Work task: Repeat exactly the lines of the entries below from the one with "int i)) | m" through the one with "is the letter", both ends included, and nothing else.

Input:

(* Let $\varphi\colon\mathcal{A}\to\mathcal{A}^*$ be a substitution of constant length $k$. Let $x\in\mathcal{A}^{\mathbf{Z}}$, let $(x^i)_{i\geq0}$ be a sequence of elements of $\mathcal{A}^{\mathbf{Z}}$ and $(c_i)_{i\geq0}$ a sequence of elements of $[0,k-1]$ such that $x^0=x$ and $x^i=T^{c_i}(\varphi(x^{i+1}))$ for all $i\geq0$. Then $$\mathrm{K}_k(x)=\Big\{\Psi_{\mathbf{i}}(x^m): m\geq0,\ \mathbf{i}\in[0,k-1]^m,\ \sum_{l=0}^{m-1}i_{m-l-1}k^l\geq\sum_{l=0}^{m-1}c_lk^l\Big\}\cup\Big\{\Psi_{\mathbf{i}}(T(x^m)): m\geq0,\ \mathbf{i}\in[0,k-1]^m,\ \sum_{l=0}^{m-1}i_{m-l-1}k^l<\sum_{l=0}^{m-1}c_lk^l\Big\}.$$
   Context: $\varphi$ has constant length $k\geq2$ ($|\varphi(a)|=k$ for all $a$) and acts on $\mathcal{A}^{\mathbf{Z}}$ by concatenation with $\varphi(x_0)$ starting at position $0$; $T$ is the shift $(Tx)_n=x_{n+1}$. For $i\in[0,k-1]$, $\Psi_i\colon\mathcal{A}\to\mathcal{A}$, $a\mapsto\varphi(a)_i$ (the $i$-th letter, indexing from $0$), extended letterwise to $\mathcal{A}^{\mathbf{Z}}$. For $\mathbf{i}=i_0\cdots i_{m-1}\in[0,k-1]^m$, $\Psi_{\mathbf{i}}=\Psi_{i_{m-1}}\circ\cdots\circ\Psi_{i_0}$, and $\Psi_{\mathbf{i}}$ is the identity when $m=0$. The $k$-kernel of a two-sided sequence $x=(x_n)_{n\in\mathbf{Z}}$ is $\mathrm{K}_k(x)=\{(x_{k^mn+i})_{n\in\mathbf{Z}}: m\geq0,\ 0\leq i\leq k^m-1\}$. *)

theory Defs
  imports Main
begin

definition shift :: "(int \<Rightarrow> 'a) \<Rightarrow> (int \<Rightarrow> 'a)" where
  "shift x = (\<lambda>n. x (n + 1))"

text \<open>Action of a constant-length-k substitution on two-sided sequences:
phi(x) is the concatenation of the phi(x_n), with phi(x_0) starting at position 0.\<close>
definition subst_seq :: "('a \<Rightarrow> 'a list) \<Rightarrow> nat \<Rightarrow> (int \<Rightarrow> 'a) \<Rightarrow> (int \<Rightarrow> 'a)" where
  "subst_seq phi k x = (\<lambda>n. phi (x (n div int k)) ! nat (n mod int k))"

definition Psi :: "('a \<Rightarrow> 'a list) \<Rightarrow> nat \<Rightarrow> 'a \<Rightarrow> 'a" where
  "Psi phi i a = phi a ! i"

text \<open>Psi_{i_0 ... i_{m-1}} = Psi_{i_{m-1}} o ... o Psi_{i_0}, applied letterwise.\<close>
definition Psi_word :: "('a \<Rightarrow> 'a list) \<Rightarrow> nat list \<Rightarrow> (int \<Rightarrow> 'a) \<Rightarrow> (int \<Rightarrow> 'a)" where
  "Psi_word phi is x = (\<lambda>n. fold (Psi phi) is (x n))"

definition kernel :: "nat \<Rightarrow> (int \<Rightarrow> 'a) \<Rightarrow> (int \<Rightarrow> 'a) set" where
  "kernel k x = {(\<lambda>n. x (int (k ^ m) * n + int i)) | m i. i < k ^ m}"

end

theory Submission
  imports Defs
begin

text \<open>Unfolding the recursion \<open>x\<^sup>i = T\<^bsup>c\<^sub>i\<^esup>(\<phi>(x\<^sup>i\<^sup>+\<^sup>1))\<close> \<open>m\<close> times
  shows that the letter at position \<open>q\<close> of \<open>\<Psi>\<^sub>w(x\<^sup>m)\<close>, for a digit word \<open>w\<close> of length \<open>m\<close>,
  is the letter of \<open>x\<close> at position \<open>k\<^sup>m q + v(w) - C\<^sub>m\<close>, where \<open>v(w)\<close> is the base-\<open>k\<close>
  value of \<open>w\<close> and \<open>C\<^sub>m = \<Sum>\<^sub>l\<^sub><\<^sub>m c\<^sub>l k\<^sup>l < k\<^sup>m\<close>. As \<open>w\<close> ranges over all words of
  length \<open>m\<close>, \<open>v(w)\<close> ranges over \<open>[0, k\<^sup>m)\<close>, so \<open>v(w) - C\<^sub>m\<close> hits every residue
  modulo \<open>k\<^sup>m\<close> exactly once. It lies in \<open>[0, k\<^sup>m)\<close> when \<open>v(w) \<ge> C\<^sub>m\<close>; otherwise
  applying \<open>\<Psi>\<^sub>w\<close> to \<open>T(x\<^sup>m)\<close> instead adds the missing \<open>k\<^sup>m\<close>.\<close>

definition seq_value :: "nat \<Rightarrow> (nat \<Rightarrow> nat) \<Rightarrow> nat \<Rightarrow> nat" where
  "seq_value k d m = (\<Sum>l<m. d l * k ^ l)"

definition base_value :: "nat \<Rightarrow> nat list \<Rightarrow> nat" where
  "base_value k ws = seq_value k (\<lambda>l. ws ! (length ws - l - 1)) (length ws)"

lemma seq_value_cong:
  "(\<And>l. l < m \<Longrightarrow> d l = e l) \<Longrightarrow> seq_value k d m = seq_value k e m"
  by (simp add: seq_value_def)

lemma seq_value_Suc: "seq_value k d (Suc m) = d 0 + k * seq_value k (\<lambda>l. d (Suc l)) m"
  unfolding seq_value_def
  by (subst sum.lessThan_Suc_shift) (simp add: sum_distrib_left algebra_simps)

lemma seq_value_less:
  assumes "\<And>l. l < m \<Longrightarrow> d l < k"
  shows "seq_value k d m < k ^ m"
  using assms
proof (induction m arbitrary: d)
  case 0
  then show ?case by (simp add: seq_value_def)
next
  case (Suc m)
  have "seq_value k (\<lambda>l. d (Suc l)) m + 1 \<le> k ^ m"
    using Suc.IH[of "\<lambda>l. d (Suc l)"] Suc.prems by simp
  then have "k * (seq_value k (\<lambda>l. d (Suc l)) m + 1) \<le> k * k ^ m"
    by (rule mult_le_mono2)
  moreover have "d 0 < k" using Suc.prems by simp
  ultimately show ?case by (simp add: seq_value_Suc algebra_simps)
qed

lemma base_value_snoc: "base_value k (ws @ [r]) = k * base_value k ws + r"
proof -
  have "seq_value k (\<lambda>l. (ws @ [r]) ! (length ws - Suc l)) (length ws)
      = base_value k ws"
    unfolding base_value_def by (rule seq_value_cong) (auto simp: nth_append)
  then show ?thesis by (simp add: base_value_def seq_value_Suc)
qed

lemma base_value_less:
  assumes "set ws \<subseteq> {0..<k}"
  shows "base_value k ws < k ^ length ws"
  unfolding base_value_def
proof (rule seq_value_less)
  fix l assume "l < length ws"
  then have "ws ! (length ws - l - 1) \<in> set ws" by simp
  with assms show "ws ! (length ws - l - 1) < k" by auto
qed

lemma ex_base_value_eq:
  "v < k ^ m \<Longrightarrow> \<exists>ws. length ws = m \<and> set ws \<subseteq> {0..<k} \<and> base_value k ws = v"
proof (induction m arbitrary: v)
  case 0
  then show ?case by (simp add: base_value_def seq_value_def)
next
  case (Suc m)
  then have "k > 0" by (cases k) auto
  with Suc.prems have "v div k < k ^ m"
    by (simp add: div_less_iff_less_mult mult.commute)
  then obtain ws where "length ws = m" "set ws \<subseteq> {0..<k}" "base_value k ws = v div k"
    using Suc.IH by blast
  with \<open>k > 0\<close> show ?case
    by (intro exI[of _ "ws @ [v mod k]"]) (simp add: base_value_snoc)
qed

lemma funpow_shift: "(shift ^^ n) y = (\<lambda>t. y (t + int n))"
  by (induction n arbitrary: y) (auto simp: shift_def algebra_simps)

lemma Psi_word_snoc: "Psi_word phi (ws @ [r]) y = (\<lambda>n. Psi phi r (Psi_word phi ws y n))"
  by (simp add: Psi_word_def)

lemma Psi_word_shift: "Psi_word phi ws (shift y) n = Psi_word phi ws y (n + 1)"
  by (simp add: Psi_word_def shift_def)

lemma Psi_eq_shift_subst_seq:
  assumes "r < k"
  shows "Psi phi r (z p) = (shift ^^ c) (subst_seq phi k z) (int k * p + int r - int c)"
proof -
  have "(int k * p + int r) div int k = p" "(int k * p + int r) mod int k = int r"
    using assms by simp_all
  then show ?thesis by (simp add: funpow_shift subst_seq_def Psi_def)
qed

lemma kernel_memI: "i < k ^ m \<Longrightarrow> (\<lambda>n. x (int (k ^ m) * n + int i)) \<in> kernel k x"
  unfolding kernel_def by blast

context
  fixes phi :: "'a \<Rightarrow> 'a list" and k :: nat and xs :: "nat \<Rightarrow> int \<Rightarrow> 'a" and c :: "nat \<Rightarrow> nat"
  assumes c_less: "\<And>i. c i < k"
    and xs_desubst: "\<And>i. xs i = (shift ^^ c i) (subst_seq phi k (xs (i + 1)))"
begin

lemma Psi_word_desubst:
  "set ws \<subseteq> {0..<k} \<Longrightarrow> Psi_word phi ws (xs (j + length ws)) q
     = xs j (int (k ^ length ws) * q + int (base_value k ws)
              - int (seq_value k (\<lambda>l. c (j + l)) (length ws)))"
proof (induction ws arbitrary: j q rule: rev_induct)
  case Nil
  then show ?case by (simp add: Psi_word_def base_value_def seq_value_def)
next
  case (snoc r ws)
  define p where "p = int (k ^ length ws) * q + int (base_value k ws)
                        - int (seq_value k (\<lambda>l. c (Suc j + l)) (length ws))"
  have "Psi_word phi (ws @ [r]) (xs (j + length (ws @ [r]))) q
      = Psi phi r (Psi_word phi ws (xs (Suc j + length ws)) q)"
    by (simp add: Psi_word_snoc)
  also have "\<dots> = Psi phi r (xs (Suc j) p)"
    using snoc.IH[of "Suc j" q] snoc.prems p_def by simp
  also have "\<dots> = xs j (int k * p + int r - int (c j))"
    using Psi_eq_shift_subst_seq[of r k] snoc.prems xs_desubst[of j] by simp
  also have "int k * p + int r - int (c j)
      = int (k ^ length (ws @ [r])) * q + int (base_value k (ws @ [r]))
        - int (seq_value k (\<lambda>l. c (j + l)) (length (ws @ [r])))"
    by (simp add: p_def base_value_snoc seq_value_Suc algebra_simps)
  finally show ?case .
qed

lemma Psi_word_eq_kernel_seq:
  "set ws \<subseteq> {0..<k} \<Longrightarrow> Psi_word phi ws (xs (length ws))
     = (\<lambda>n. xs 0 (int (k ^ length ws) * n + int (base_value k ws)
                   - int (seq_value k c (length ws))))"
  using Psi_word_desubst[of ws 0] by auto

lemma Psi_word_xs_in_kernel:
  assumes "set ws \<subseteq> {0..<k}" and "seq_value k c (length ws) \<le> base_value k ws"
  shows "Psi_word phi ws (xs (length ws)) \<in> kernel k (xs 0)"
proof -
  have "base_value k ws - seq_value k c (length ws) < k ^ length ws"
    using base_value_less[OF assms(1)] by linarith
  from kernel_memI[OF this] show ?thesis
    using assms by (simp add: Psi_word_eq_kernel_seq of_nat_diff algebra_simps)
qed

lemma Psi_word_shift_xs_in_kernel:
  assumes "set ws \<subseteq> {0..<k}" and "base_value k ws < seq_value k c (length ws)"
  shows "Psi_word phi ws (shift (xs (length ws))) \<in> kernel k (xs 0)"
proof -
  have C_less: "seq_value k c (length ws) < k ^ length ws"
    using c_less by (intro seq_value_less)
  then have "k ^ length ws + base_value k ws - seq_value k c (length ws) < k ^ length ws"
    using assms(2) by linarith
  moreover have "Psi_word phi ws (shift (xs (length ws)))
      = (\<lambda>n. xs 0 (int (k ^ length ws) * n
                    + int (k ^ length ws + base_value k ws - seq_value k c (length ws))))"
    using assms C_less
    by (simp add: fun_eq_iff Psi_word_shift Psi_word_eq_kernel_seq of_nat_diff algebra_simps)
  ultimately show ?thesis by (metis kernel_memI)
qed

lemma kernel_seq_cases:
  assumes "i < k ^ m"
  obtains ws where "length ws = m" "set ws \<subseteq> {0..<k}" "seq_value k c m \<le> base_value k ws"
    and "(\<lambda>n. xs 0 (int (k ^ m) * n + int i)) = Psi_word phi ws (xs m)"
  | ws where "length ws = m" "set ws \<subseteq> {0..<k}" "base_value k ws < seq_value k c m"
    and "(\<lambda>n. xs 0 (int (k ^ m) * n + int i)) = Psi_word phi ws (shift (xs m))"
proof -
  have C_less: "seq_value k c m < k ^ m"
    using c_less by (intro seq_value_less)
  have "k > 0"
    using c_less[of 0] by simp
  obtain ws where ws: "length ws = m" "set ws \<subseteq> {0..<k}"
    and v: "base_value k ws = (i + seq_value k c m) mod k ^ m"
    using ex_base_value_eq[of "(i + seq_value k c m) mod k ^ m" k m] \<open>k > 0\<close> by auto
  show thesis
  proof (cases "i + seq_value k c m < k ^ m")
    case True
    with v have "base_value k ws = i + seq_value k c m" by simp
    with ws show thesis
      by (intro that(1)[of ws]) (auto simp: Psi_word_eq_kernel_seq)
  next
    case False
    with v assms C_less have "base_value k ws = i + seq_value k c m - k ^ m"
      by (simp add: le_mod_geq)
    with ws False assms show thesis
      by (intro that(2)[of ws])
        (auto simp: fun_eq_iff Psi_word_shift Psi_word_eq_kernel_seq of_nat_diff algebra_simps)
  qed
qed

end

theorem lemma2p7:
  fixes phi :: "'a \<Rightarrow> 'a list" and k :: nat
    and x :: "int \<Rightarrow> 'a" and xs :: "nat \<Rightarrow> int \<Rightarrow> 'a" and c :: "nat \<Rightarrow> nat"
  assumes "k \<ge> 2"
    and "\<And>a. length (phi a) = k"
    and "\<And>i. c i < k"
    and "xs 0 = x"
    and "\<And>i. xs i = ((shift ^^ c i) (subst_seq phi k (xs (i + 1))))"
  shows "kernel k x =
     {Psi_word phi is (xs m) | m is. length is = m \<and> set is \<subseteq> {0..<k} \<and>
        (\<Sum>l<m. is ! (m - l - 1) * k ^ l) \<ge> (\<Sum>l<m. c l * k ^ l)}
   \<union> {Psi_word phi is (shift (xs m)) | m is. length is = m \<and> set is \<subseteq> {0..<k} \<and>
        (\<Sum>l<m. is ! (m - l - 1) * k ^ l) < (\<Sum>l<m. c l * k ^ l)}"
    (is "_ = ?R")
proof (intro equalityI subsetI)
  fix y assume "y \<in> kernel k x"
  then obtain m i where "i < k ^ m" and "y = (\<lambda>n. x (int (k ^ m) * n + int i))"
    by (auto simp: kernel_def)
  then show "y \<in> ?R"
    by (cases rule: kernel_seq_cases[where phi = phi and c = c and xs = xs, OF assms(3,5)])
      (auto simp: base_value_def seq_value_def assms(4))
next
  fix y assume "y \<in> ?R"
  then show "y \<in> kernel k x"
    using Psi_word_xs_in_kernel[where phi = phi and c = c and xs = xs, OF assms(3,5)]
      Psi_word_shift_xs_in_kernel[where phi = phi and c = c and xs = xs, OF assms(3,5)]
    by (auto simp: base_value_def seq_value_def assms(4))
qed

end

Result below:
  "kernel k x = {(\<lambda>n. x (int (k ^ m) * n + int i)) | m i. i < k ^ m}"

end

theory Submission
  imports Defs
begin

text \<open>Unfolding the recursion \<open>x\<^sup>i = T\<^bsup>c\<^sub>i\<^esup>(\<phi>(x\<^sup>i\<^sup>+\<^sup>1))\<close> \<open>m\<close> times
  shows that the letter at position \<open>q\<close> of \<open>\<Psi>\<^sub>w(x\<^sup>m)\<close>, for a digit word \<open>w\<close> of length \<open>m\<close>,
  is the letter of \<open>x\<close> at position \<open>k\<^sup>m q + v(w) - C\<^sub>m\<close>, where \<open>v(w)\<close> is the base-\<open>k\<close>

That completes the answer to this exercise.